Николай сосредоточенно кивнул.
– И что же он… все с врагами сражался?
– Интеллектуально, так сказать. Причем на сей раз врагами оказались мы.
– Мы – это?..
– Это члены группы. Причем началось все с банальной ссоры. Видимо кризис назревал, и должен был произойти некий толчок… вот, собственно, он и случился. Ягодкин сцепился с Барковым – по пустяку, чуть ли не «зачем мое пиво выпил». Я утрирую, конечно, но суть та же… Так вот, извольте видеть: сцепились они, вернее, Ягодкин схлестнулся – Барков-то парень спокойный; и после этого Ягодкин в категорической форме потребовал чуть ли не товарищеского суда над Барковым: мол, давайте перестанем с ним общаться, руку подавать, предадим остракизму… Понятно, что все мы – я имею в виду себя, Леонтьева и Шарапова – отказались. Чем
– Его в принудительном порядке положили?
– Вот чего не знаю, того не знаю. Но думаю, что да: сам он себя считает абсолютно здоровым, насколько мне известно.
– Н-да… – неопределенно протянул Николай, подвытянул из кармана мобильник, глянул на табло:
– Ого! Вы извините, Владислав…
– О да, конечно! Время – деньги.
– Безналичные, – Гордеев подмигнул. – Но у меня они как раз перетекают в нал.

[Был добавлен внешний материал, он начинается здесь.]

lemma lp_quasi_triangle:
  assumes p: "p > 0" and f: "f \<in> lp p" and g: "g \<in> lp p"
    and h: "\<And>k. norm (h k) \<le> norm (f k) + norm (g k)"
  shows "h \<in> lp p" and "lp_sum p h \<le> 2 powr p * (lp_sum p f + lp_sum p g)"
proof -
  have bound: "norm (h k) powr p \<le> 2 powr p * (norm (f k) powr p + norm (g k) powr p)" for k
    using powr_mono2[OF less_imp_le[OF p] norm_ge_zero h] powr_add_le_two_powr[OF _ _ p]
    by (meson norm_ge_zero order_trans)
  have sf: "summable (\<lambda>k. norm (f k) powr p)" and sg: "summable (\<lambda>k. norm (g k) powr p)"
    using f g unfolding lp_def by simp_all
  have sfg: "summable (\<lambda>k. 2 powr p * (norm (f k) powr p + norm (g k) powr p))"
    by (intro summable_mult summable_add sf sg)
  have sh: "summable (\<lambda>k. norm (h k) powr p)"
    by (rule summable_comparison_test'[OF sfg]) (use bound in auto)
  then show "h \<in> lp p"
    unfolding lp_def by simp
  have "lp_sum p h \<le> (\<Sum>k. 2 powr p * (norm (f k) powr p + norm (g k) powr p))"
    unfolding lp_sum_def by (rule suminf_le[OF bound sh sfg])
  also have "\<dots> = 2 powr p * (lp_sum p f + lp_sum p g)"
    unfolding lp_sum_def using suminf_mult[OF summable_add[OF sf sg]] suminf_add[OF sf sg] by simp
  finally show "lp_sum p h \<le> 2 powr p * (lp_sum p f + lp_sum p g)" .
qed

lemma lp_diff:
  assumes "p > 0" "f \<in> lp p" "g \<in> lp p"
  shows "f - g \<in> lp p"
  using lp_quasi_triangle(1)[OF assms, of "f - g"] by (simp add: norm_triangle_ineq4)

lemma lp_norm_less_iff:
  assumes p: "p > 0" and x: "x \<in> lp p" and e: "e > 0"
  shows "lp_norm p x < e \<longleftrightarrow> lp_sum p x < e powr p"
proof -
  have S: "lp_sum p x \<ge> 0"
    using x by (rule lp_sum_nonneg)
  have "lp_sum p x powr (1 / p) < e \<longleftrightarrow> (lp_sum p x powr (1 / p)) powr p < e powr p"
    using S e p by (smt (verit) powr_ge_zero powr_less_mono2 powr_mono2)
  also have "(lp_sum p x powr (1 / p)) powr p = lp_sum p x"
    using S p by (simp add: powr_powr)
  finally show ?thesis
    by (simp add: lp_norm_def lp_sum_def)
qed

lemma lp_open_iff_lp_sum:
  assumes p: "p > 0"
  shows "lp_open p U \<longleftrightarrow>
    U \<subseteq> lp p \<and> (\<forall>z\<in>U. \<exists>\<delta>>0. \<forall>w\<in>lp p. lp_sum p (w - z) < \<delta> \<longrightarrow> w \<in> U)"
proof -
  have "(\<exists>e>0. \<forall>w\<in>lp p. lp_norm p (w - z) < e \<longrightarrow> w \<in> U) \<longleftrightarrow>
        (\<exists>\<delta>>0. \<forall>w\<in>lp p. lp_sum p (w - z) < \<delta> \<longrightarrow> w \<in> U)" if z: "z \<in> lp p" for z
  proof
    assume "\<exists>e>0. \<forall>w\<in>lp p. lp_norm p (w - z) < e \<longrightarrow> w \<in> U"
    then obtain e where "e > 0" "\<forall>w\<in>lp p. lp_norm p (w - z) < e \<longrightarrow> w \<in> U"
      by blast
    then show "\<exists>\<delta>>0. \<forall>w\<in>lp p. lp_sum p (w - z) < \<delta> \<longrightarrow> w \<in> U"
      using lp_norm_less_iff[OF p lp_diff[OF p _ z]] by (intro exI[of _ "e powr p"]) auto
  next
    assume "\<exists>\<delta>>0. \<forall>w\<in>lp p. lp_sum p (w - z) < \<delta> \<longrightarrow> w \<in> U"
    then obtain \<delta> where \<delta>: "\<delta> > 0" "\<forall>w\<in>lp p. lp_sum p (w - z) < \<delta> \<longrightarrow> w \<in> U"
      by blast
    have "(\<delta> powr (1 / p)) powr p = \<delta>"
      using \<delta> p by (simp add: powr_powr)
    then show "\<exists>e>0. \<forall>w\<in>lp p. lp_norm p (w - z) < e \<longrightarrow> w \<in> U"
      using \<delta> lp_norm_less_iff[OF p lp_diff[OF p _ z], of _ "\<delta> powr (1 / p)"]
      by (intro exI[of _ "\<delta> powr (1 / p)"]) auto
  qed
  then show ?thesis
    unfolding lp_open_def by blast
qed

(* lp_sum-balls are not known to be open, as lp_sum is only a quasi-norm; their interior is. *)
definition lp_interior :: "real \<Rightarrow> (nat \<Rightarrow> 'a::real_normed_vector) set \<Rightarrow> (nat \<Rightarrow> 'a) set" where
  "lp_interior p W = {z \<in> lp p. \<exists>\<delta>>0. \<forall>w\<in>lp p. lp_sum p (w - z) < \<delta> \<longrightarrow> w \<in> W}"

lemma lp_interior_subset: "lp_interior p W \<subseteq> W"
proof
  fix z assume "z \<in> lp_interior p W"
  moreover have "lp_sum p (z - z) = 0"
    by (simp add: lp_sum_def)
  ultimately show "z \<in> W"
    unfolding lp_interior_def by force
qed

lemma lp_open_lp_interior:
  assumes p: "p > 0"
  shows "lp_open p (lp_interior p W)"
  unfolding lp_open_iff_lp_sum[OF p]
proof (intro conjI ballI)
  show "lp_interior p W \<subseteq> lp p"
    unfolding lp_interior_def by blast
  fix z assume "z \<in> lp_interior p W"
  then obtain \<delta> where z: "z \<in> lp p" and \<delta>: "\<delta> > 0" "\<forall>w\<in>lp p. lp_sum p (w - z) < \<delta> \<longrightarrow> w \<in> W"
    unfolding lp_interior_def by blast
  define \<epsilon> where "\<epsilon> = \<delta> / (2 * 2 powr p)"
  have \<epsilon>: "\<epsilon> > 0"
    using \<delta> by (simp add: \<epsilon>_def)
  have "w \<in> lp_interior p W" if w: "w \<in> lp p" "lp_sum p (w - z) < \<epsilon>" for w
  proof -
    have "w' \<in> W" if w': "w' \<in> lp p" "lp_sum p (w' - w) < \<epsilon>" for w'
    proof -
      have "lp_sum p (w' - z) \<le> 2 powr p * (lp_sum p (w' - w) + lp_sum p (w - z))"
        using norm_triangle_ineq[of "w' k - w k" "w k - z k" for k]
        by (intro lp_quasi_triangle(2)[OF p lp_diff[OF p w'(1) w(1)] lp_diff[OF p w(1) z]]) simp
      also have "\<dots> < 2 powr p * (\<epsilon> + \<epsilon>)"
        using w w' by (intro mult_strict_left_mono) auto
      also have "\<dots> = \<delta>"
        by (simp add: \<epsilon>_def field_simps)
      finally show ?thesis
        using \<delta> w' by auto
    qed
    then show ?thesis
      using w \<epsilon> unfolding lp_interior_def by blast
  qed
  then show "\<exists>\<epsilon>>0. \<forall>w\<in>lp p. lp_sum p (w - z) < \<epsilon> \<longrightarrow> w \<in> lp_interior p W"
    using \<epsilon> by blast
qed

lemma lower_density_mono_cofinite:
  assumes "A \<subseteq> B \<union> {..<N}"
  shows "lower_density A \<le> lower_density B"
proof -
  have card_le: "card {n\<in>A. n < M} \<le> card {n\<in>B. n < M} + N" for M
  proof -
    have "card {n\<in>A. n < M} \<le> card ({n\<in>B. n < M} \<union> {..<N})"
      using assms by (intro card_mono) auto
    also have "\<dots> \<le> card {n\<in>B. n < M} + N"
      using card_Un_le[of "{n\<in>B. n < M}" "{..<N}"] by simp
    finally show ?thesis .
  qed
  have "ereal (real (card {n\<in>A. n < M}) / real M) \<le>
        ereal (real N / real M) + ereal (real (card {n\<in>B. n < M}) / real M)" for M
    using card_le[of M] by (simp add: add_divide_distrib[symmetric] divide_right_mono)
  then have "lower_density A \<le>
      liminf (\<lambda>M. ereal (real N / real M) + ereal (real (card {n\<in>B. n < M}) / real M))"
    unfolding lower_density_def by (intro Liminf_mono) simp
  also have "\<dots> = lower_density B"
  proof -
    have "(\<lambda>M. real N / real M) \<longlonglongrightarrow> 0"
      by (rule lim_const_over_n)
    then have "(\<lambda>M. ereal (real N / real M)) \<longlonglongrightarrow> 0"
      by (simp add: zero_ereal_def)
    then show ?thesis
      unfolding lower_density_def by (subst ereal_liminf_lim_add) auto
  qed
  finally show ?thesis .
qed
(* Let $p$ be an odd prime, $r,m$ positive integers and $s\in\{1,2,\dots,mp^{r-1}\}$. Then $$\binom{mp^{r-1}}{s}\binom{2sp}{sp}\binom{2(mp^{r-1}-s)p}{(mp^{r-1}-s)p}\equiv\begin{cases}\binom{m}{s}\binom{2s}{s}\binom{2(m-s)}{m-s}(1+9m)\pmod{p^{r+2}} & \text{if } r=1 \text{ and } p=3,\\ \binom{mp^{r-1}}{s}\binom{2s}{s}\binom{2(mp^{r-1}-s)}{mp^{r-1}-s}\pmod{p^{r+2}} & \text{if } r>1 \text{ or } p>3.\end{cases}$$ *)

theory Defs
  imports "HOL-Number_Theory.Number_Theory"
begin

end

theory Submission
  imports Defs
begin

text \<open>
Let Q(a) be the product of the integers in [1, ap] prime to p, and F(a) the product of those in
(ap, 2ap]. Removing the multiples of p from (2ap)! and (ap)! gives C(2ap, ap) Q(a) = C(2a, a) F(a),
so everything reduces to comparing F(a) with Q(a). Pairing j with ap - j gives
Q(a)^2 = prod j(ap - j) and F(a)^2 = prod (j(ap - j) + 2a^2p^2); expanding to first order in
2a^2p^2 and evaluating the linear term with Fermat's little theorem gives
  F(a)^2 == Q(a)^2 (1 - 2a^3p^2 S)  (mod 2a^2p^3),   S = sum_{0<i<p} i^(p-3).
For p >= 5, S vanishes mod p, so F(a) == Q(a) (mod p^(e+3)) whenever p^e | a; for p = 3 this still
holds when e > 0, and in general S = 2 gives F(a) == Q(a)(1 + 9a) (mod 27). The powers of p still
missing come from C(N, s), which is divisible by p^(n-j) when p^n | N and p^j is the p-part of s.
\<close>

definition nonmultiples :: "nat \<Rightarrow> nat \<Rightarrow> nat set" where
  "nonmultiples p a = {j \<in> {1..a * p}. \<not> p dvd j}"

– Что ж, счастливого пути. А я еще тут поброжу, поищу свою музу подворотен и собачьих тропок… – Глухаревский мигнул ответно.

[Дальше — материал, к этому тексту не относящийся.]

lemma plucker_coord_unit_vecs:
  assumes I: "I \<in> plucker_index n h" and J: "J \<in> plucker_index n h"
  shows "plucker_coord h (map unit_vec (sorted_list_of_set I)) J = of_bool (J = I)"
proof -
  let ?s = "sorted_list_of_set I"
  let ?vs = "map unit_vec ?s :: (nat \<Rightarrow> 'a) list"
  have fI: "finite I" "card I = Suc h" and fJ: "finite J" "card J = Suc h"
    using I J by (auto simp: plucker_index_def finite_subset)
  show ?thesis
  proof (cases "J = I")
    case True
    have "plucker_mat h ?vs I = 1\<^sub>m (Suc h)"
    proof (rule eq_matI)
      fix i j assume "i < dim_row (1\<^sub>m (Suc h) :: 'a mat)" "j < dim_col (1\<^sub>m (Suc h) :: 'a mat)"
      then have ij: "i < Suc h" "j < Suc h" by auto
      then have "(?s ! j = ?s ! i) = (j = i)"
        using fI nth_eq_iff_index_eq[of ?s] by (metis distinct_sorted_list_of_set length_sorted_list_of_set)
      then show "plucker_mat h ?vs I $$ (i, j) = 1\<^sub>m (Suc h) $$ (i, j)"
        using ij fI by (simp add: plucker_mat_def unit_vec_def)
    qed (auto simp: plucker_mat_def)
    then show ?thesis
      using True by (simp add: plucker_coord_eq_det)
  next
    case False
    then obtain x where x: "x \<in> I" "x \<notin> J"
      using fI fJ card_subset_eq by (metis subsetI)
    then obtain i where i: "i < Suc h" "?s ! i = x"
      using fI by (metis in_set_conv_nth length_sorted_list_of_set set_sorted_list_of_set)
    have "(\<Prod>i'\<le>h. (?vs ! i') (sorted_list_of_set J ! p i')) = 0" if p: "p permutes {..h}" for p
    proof -
      have "p i \<le> h"
        using permutes_in_image[OF p] i by simp
      then have "sorted_list_of_set J ! p i \<in> J"
        using fJ by (metis le_imp_less_Suc length_sorted_list_of_set nth_mem set_sorted_list_of_set)
      then have "(?vs ! i) (sorted_list_of_set J ! p i) = 0"
        using x i fI by (auto simp: unit_vec_def)
      then show ?thesis
        using i by (intro prod_zero) auto
    qed
    then show ?thesis
      using False unfolding plucker_coord_def by (simp add: sum.neutral)
  qed
qed

lemma plucker_form_nonzero_exists:
  assumes "\<exists>I\<in>plucker_index n h. c I \<noteq> 0"
  obtains vs where "length vs = Suc h" "set vs \<subseteq> vecs n" "lindep_free vs"
    "plucker_form n h c vs \<noteq> (0::'a::field)"
proof -
  obtain I where I: "I \<in> plucker_index n h" "c I \<noteq> 0"
    using assms by blast
  have fI: "finite I" "I \<subseteq> {..n}" "card I = Suc h"
    using I(1) by (auto simp: plucker_index_def finite_subset)
  let ?vs = "map unit_vec (sorted_list_of_set I) :: (nat \<Rightarrow> 'a) list"
  have "set ?vs \<subseteq> unit_vec ` {..n}"
    using fI by auto
  then have "lindep_free ?vs"
    using fv.independent_mono[OF independent_unit_vecs] inj_on_subset[OF inj_unit_vec]
    by (auto simp: lindep_free_iff_independent distinct_map fI(1))
  moreover have "set ?vs \<subseteq> vecs n"
    using fI by (auto simp: vecs_def unit_vec_def)
  moreover have "plucker_form n h c ?vs = c I"
  proof -
    have "plucker_form n h c ?vs = (\<Sum>J\<in>plucker_index n h. if J = I then c I else 0)"
      unfolding plucker_form_def by (rule sum.cong) (auto simp: plucker_coord_unit_vecs[OF I(1)])
    moreover have "finite (plucker_index n h)"
      by (rule finite_subset[of _ "Pow {..n}"]) (auto simp: plucker_index_def)
    ultimately show ?thesis
      using I(1) by simp
  qed
  ultimately show ?thesis
    using that[of ?vs] I(2) fI by simp
qed

section \<open>Polarity of a linear complex\<close>

locale plucker_complex =
  fixes n h :: nat and c :: "nat set \<Rightarrow> 'a::field"
  assumes h_pos: "1 \<le> h" and h_less: "h < n" and c_nonzero: "\<exists>I\<in>plucker_index n h. c I \<noteq> 0"
begin

abbreviation V :: "(nat \<Rightarrow> 'a) set" where "V \<equiv> vecs n"

abbreviation \<phi> :: "(nat \<Rightarrow> 'a) list \<Rightarrow> 'a" where "\<phi> \<equiv> plucker_form n h c"

definition Kc :: "(nat \<Rightarrow> 'a) set set" where
  "Kc = {X. \<exists>vs. length vs = h + 1 \<and> set vs \<subseteq> V \<and> lindep_free vs \<and> X = lspan vs \<and>
                     (\<Sum>I\<in>plucker_index n h. c I * plucker_coord h vs I) = 0}"

lemma lspan_in_Kc_iff:
  assumes "length ws = Suc h" "set ws \<subseteq> V" "lindep_free ws"
  shows "lspan ws \<in> Kc \<longleftrightarrow> \<phi> ws = 0"
proof
  assume "lspan ws \<in> Kc"
  then obtain vs where vs: "length vs = Suc h" "lspan ws = lspan vs" "\<phi> vs = 0"
    unfolding Kc_def plucker_form_def by auto
  have "set ws \<subseteq> lspan vs"
    using vs(2) fv.span_superset[of "set ws"] by (simp add: lspan_eq_fspan)
  then obtain d where "\<phi> (ws @ []) = d * \<phi> (vs @ [])"
    using plucker_form_append_span[of ws "Suc h" vs] assms(1) vs(1) by (metis list.size(3) add_0)
  then show "\<phi> ws = 0"
    using vs(3) by simp
next
  assume "\<phi> ws = 0"
  then show "lspan ws \<in> Kc"
    unfolding Kc_def plucker_form_def using assms by auto
qed

lemma plucker_form_append_mem_lspan:
  assumes l: "length us = h" and u: "u \<in> lspan us"
  shows "\<phi> (us @ [u]) = 0"
proof -
  have "set (us @ [u]) \<subseteq> lspan (us @ [0])"
    using u fv.span_superset fv.span_mono[of "set us" "insert 0 (set us)"] by (auto simp: lspan_eq_fspan)
  then obtain d where "\<phi> ((us @ [u]) @ []) = d * \<phi> ((us @ [0]) @ [])"
    using plucker_form_append_span[of "us @ [u]" "Suc h" "us @ [0]"] l by (metis list.size(3) add_0 length_append_singleton)
  moreover have "\<phi> (us @ [0]) = 0"
    using lin_functional_zero[OF lin_functional_plucker_form_last[OF l]] .
  ultimately show ?thesis by simp
qed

И они распрощались. Николай уже повернулся было, когда его остановил оклик собеседника.
– Кстати, – писатель прищурил правый глаз, – вы мне на днях снились…
– Вот как?.. – на лице Николая отобразилось удивление.
Глухаревский смотрел мимо него, странно улыбался.
– И кем же я там был, в вашем сне, если не секрет? – Коля принужденно засмеялся.
Тот помедлил и односложно ответил:
– Зрителем. Ну, всего доброго!
Гордеев похолодел. Машинально попрощался в ответ. Прыгнул в «Газель» и рванул к Цыганскому спуску. В зеркало мельком увидал, как писатель двинулся в неспешный обход дома, изучая взглядом окна второго этажа…
22
На шоссе Николай тормознул. С минуту сосредоточенно думал. Затем решился: тряхнул головой и достал телефон.
– Александр Яковлевич?.. Да, это я, здравствуйте. Александр Яковлевич, возникла любопытная тема. По интересующему нас делу. Как срочно?.. Ну, как скажете. Да, да… Можно сейчас? Тогда я подъеду. Я свободен… Хорошо! Еду.
И поехал. Мчался на грани фола, с риском – благо, гибедэдэшники нынче куда-то попрятались. В двадцать минут докатил до Пинского, вбежал к нему в приемную.
– Александр Яковлевич у себя? – выпалил с порога, тут же мысленно выругал себя за неприличную поспешность, но секретарша так и подхватилась:
– Да, да! Он ждет вас. Сказал, чтобы вы сразу же заходили к нему.
– Вот как, – Николай улыбнулся. – Ладно, иду.
Пинский встретил своего «ассистента» приветливо, но спокойно:
– А-а, мой юный друг, прошу… Чем обязан? Честно говоря, несколько неожиданно. Мы ведь договаривались на завтра…
– Понимаю, – Гордеев без приглашения подсел к столу. – Однако очень уж ситуация занятная.